Don Campbell, a former federal prosecutor whose time with the government overlapped with Jansen's FBI career, said Jansen is "one of the most honorable guys I know," and a "highly respected FBI agent known for his integrity."

Campbell once sat on the Commission on Judicial Discipline, and he called the assertion that Jansen is under investigation "highly misleading."

"They send out a pro forma letter saying they'll conduct a review. That doesn't mean you're 'under investigation,'" Campbell said.

As for the allegations themselves, when Jansen filed for office at the county, he listed his office phone and his assistant’s email as contact information. Not smart, but hardly evidence of judicial misconduct. He’s since moved all campaign activities to a personal cellphone and email, and his assistant does campaign work for him, but only after hours and on weekends, he told me.

And, yes, his wife received money from his last campaign, but that’s because she’s always been his campaign manager. This is not ideal but not uncommon — Gary Gray has always run the campaigns of his wife, Clark County Commissioner Chris Giunchigliani. And even though it might not seem like it, a campaign without an opponent is still a campaign and requires some work.

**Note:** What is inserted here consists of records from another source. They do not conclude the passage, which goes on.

lemma ldg_f_coercive:
  assumes "0 < c" and inf_pos: "0 < (INF Q \<in> {Q. sym_mat Q}. ldg_f a b c A0 Q)"
  obtains k where "0 < k" and "\<And>Q. sym_mat Q \<Longrightarrow> k * (1 + norm Q)^4 \<le> ldg_f a b c A0 Q"
proof -
  obtain M where "0 < M"
    and M: "\<And>s. 0 \<le> s \<Longrightarrow> c / 8 * (1 + s)^4 - M \<le> A0 + a / 2 * s^2 - \<bar>b\<bar> * s^3 + c / 4 * s^4"
    using quartic_ge_shifted_quartic[OF \<open>0 < c\<close>] by blast
  have far: "c / 8 * (1 + norm Q)^4 - M \<le> ldg_f a b c A0 Q" if "sym_mat Q" for Q
    using M[of "norm Q"] ldg_f_ge_quartic[OF that, of A0 a b c] by simp
  define m where "m = (INF Q \<in> {Q. sym_mat Q}. ldg_f a b c A0 Q)"
  have near: "m \<le> ldg_f a b c A0 Q" if "sym_mat Q" for Q
    unfolding m_def
  proof (rule cINF_lower)
    have "- M \<le> ldg_f a b c A0 Q" if "sym_mat Q" for Q
      using far[OF that] \<open>0 < c\<close> zero_le_power[of "1 + norm Q" 4]
      by (smt (verit) divide_nonneg_pos mult_nonneg_nonneg norm_ge_zero)
    then show "bdd_below (ldg_f a b c A0 ` {Q. sym_mat Q})"
      by (intro bdd_belowI2) simp
  qed (use that in simp)
  show ?thesis
  proof
    show "0 < min (c / 8 / 2) (m * (c / 8) / (2 * M))"
      using \<open>0 < c\<close> \<open>0 < M\<close> inf_pos by (simp add: m_def)
    show "min (c / 8 / 2) (m * (c / 8) / (2 * M)) * (1 + norm Q)^4 \<le> ldg_f a b c A0 Q"
      if "sym_mat Q" for Q
      using inf_pos \<open>0 < M\<close> \<open>0 < c\<close> near[OF that] far[OF that]
      by (intro min_mult_le_of_lower_bounds) (simp_all add: m_def)
  qed
qed

lemma ldg_r_ge:
  assumes "0 \<le> k" and "k * (1 + norm Q)^4 \<le> ldg_f a b c A0 Q"
  shows "sqrt (2 * k) * (1 + norm Q)^2 \<le> ldg_r a b c A0 Q"
proof -
  have "sqrt ((1 + norm Q)^4) = (1 + norm Q)^2"
    by (rule real_sqrt_unique) simp_all
  then have "sqrt (2 * k) * (1 + norm Q)^2 = sqrt (2 * (k * (1 + norm Q)^4))"
    by (simp add: real_sqrt_mult)
  also have "\<dots> \<le> ldg_r a b c A0 Q"
    unfolding ldg_r_def using assms(2) by simp
  finally show ?thesis .
qed

lemma abs_ldg_r_diff_le:
  fixes A B :: "real^3^3"
  assumes "0 < k"
    and fA: "k * (1 + norm A)^4 \<le> ldg_f a b c A0 A"
    and fB: "k * (1 + norm B)^4 \<le> ldg_f a b c A0 B"
    and AB: "norm A \<le> norm B"
  shows "\<bar>ldg_r a b c A0 B - ldg_r a b c A0 A\<bar>
    \<le> 2 * (3 * \<bar>a\<bar> + 3 * \<bar>b\<bar> + 9 * \<bar>c\<bar>) / sqrt (2 * k) * (1 + norm B) * norm (B - A)"
proof -
  define \<rho> where "\<rho> = 1 + norm B"
  define K where "K = 3 * \<bar>a\<bar> + 3 * \<bar>b\<bar> + 9 * \<bar>c\<bar>"
  have "0 \<le> ldg_f a b c A0 A" "0 \<le> ldg_f a b c A0 B"
    using \<open>0 < k\<close> fA fB zero_le_power[of "1 + norm A" 4] zero_le_power[of "1 + norm B" 4]
    by (smt (verit) mult_nonneg_nonneg norm_ge_zero)+
  have "0 < \<rho>"
    by (simp add: \<rho>_def add_pos_nonneg)
  then have "0 < sqrt (2 * k) * \<rho>^2"
    using \<open>0 < k\<close> by simp
  have "\<bar>ldg_r a b c A0 B - ldg_r a b c A0 A\<bar>
      \<le> \<bar>2 * ldg_f a b c A0 B - 2 * ldg_f a b c A0 A\<bar> / (sqrt (2 * k) * \<rho>^2)"
    unfolding ldg_r_def
  proof (rule abs_sqrt_diff_le)
    show "sqrt (2 * k) * \<rho>^2 \<le> sqrt (2 * ldg_f a b c A0 B)"
      using ldg_r_ge[OF _ fB] \<open>0 < k\<close> by (simp add: \<rho>_def ldg_r_def)
  qed (use \<open>0 \<le> ldg_f a b c A0 A\<close> \<open>0 \<le> ldg_f a b c A0 B\<close> \<open>0 < sqrt (2 * k) * \<rho>^2\<close> in simp_all)
  also have "\<dots> \<le> 2 * (K * \<rho>^3 * norm (B - A)) / (sqrt (2 * k) * \<rho>^2)"
  proof (rule divide_right_mono)
    have "\<bar>ldg_f a b c A0 B - ldg_f a b c A0 A\<bar> \<le> K * \<rho>^3 * norm (B - A)"
      using abs_ldg_f_diff_le[of \<rho> A B a b c A0] AB by (simp add: \<rho>_def K_def)
    then show "\<bar>2 * ldg_f a b c A0 B - 2 * ldg_f a b c A0 A\<bar> \<le> 2 * (K * \<rho>^3 * norm (B - A))"
      by arith
  qed (use \<open>0 < sqrt (2 * k) * \<rho>^2\<close> in simp)
  also have "\<dots> = 2 * K / sqrt (2 * k) * \<rho> * norm (B - A)"
    using \<open>0 < \<rho>\<close> by (simp add: power2_eq_square power3_eq_cube)
  finally show ?thesis
    unfolding \<rho>_def K_def .
qed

But we’re getting deep in the weeds here. Back to the original point about electing judges. I find it highly doubtful that Jansen is unethically using his office for re-election activities. But if true, it’s the direct result of him having to run for re-election. No re-election, no need to electioneer from the office.

And if it’s not true, as seems likely, then Dustin-Cruz is sullying the good name of a judge.

So if Jansen wins re-election, we wind up with a judge whose reputation has been sullied. If Dustin-Cruz wins, we have a judge who has no problem trashing someone’s reputation to get a seat on the bench.

Do we want someone who so blithely throws unsubstantiated allegations around sitting in judgment of our fellow citizens?

It's hardly a sound foundation for our judicial system.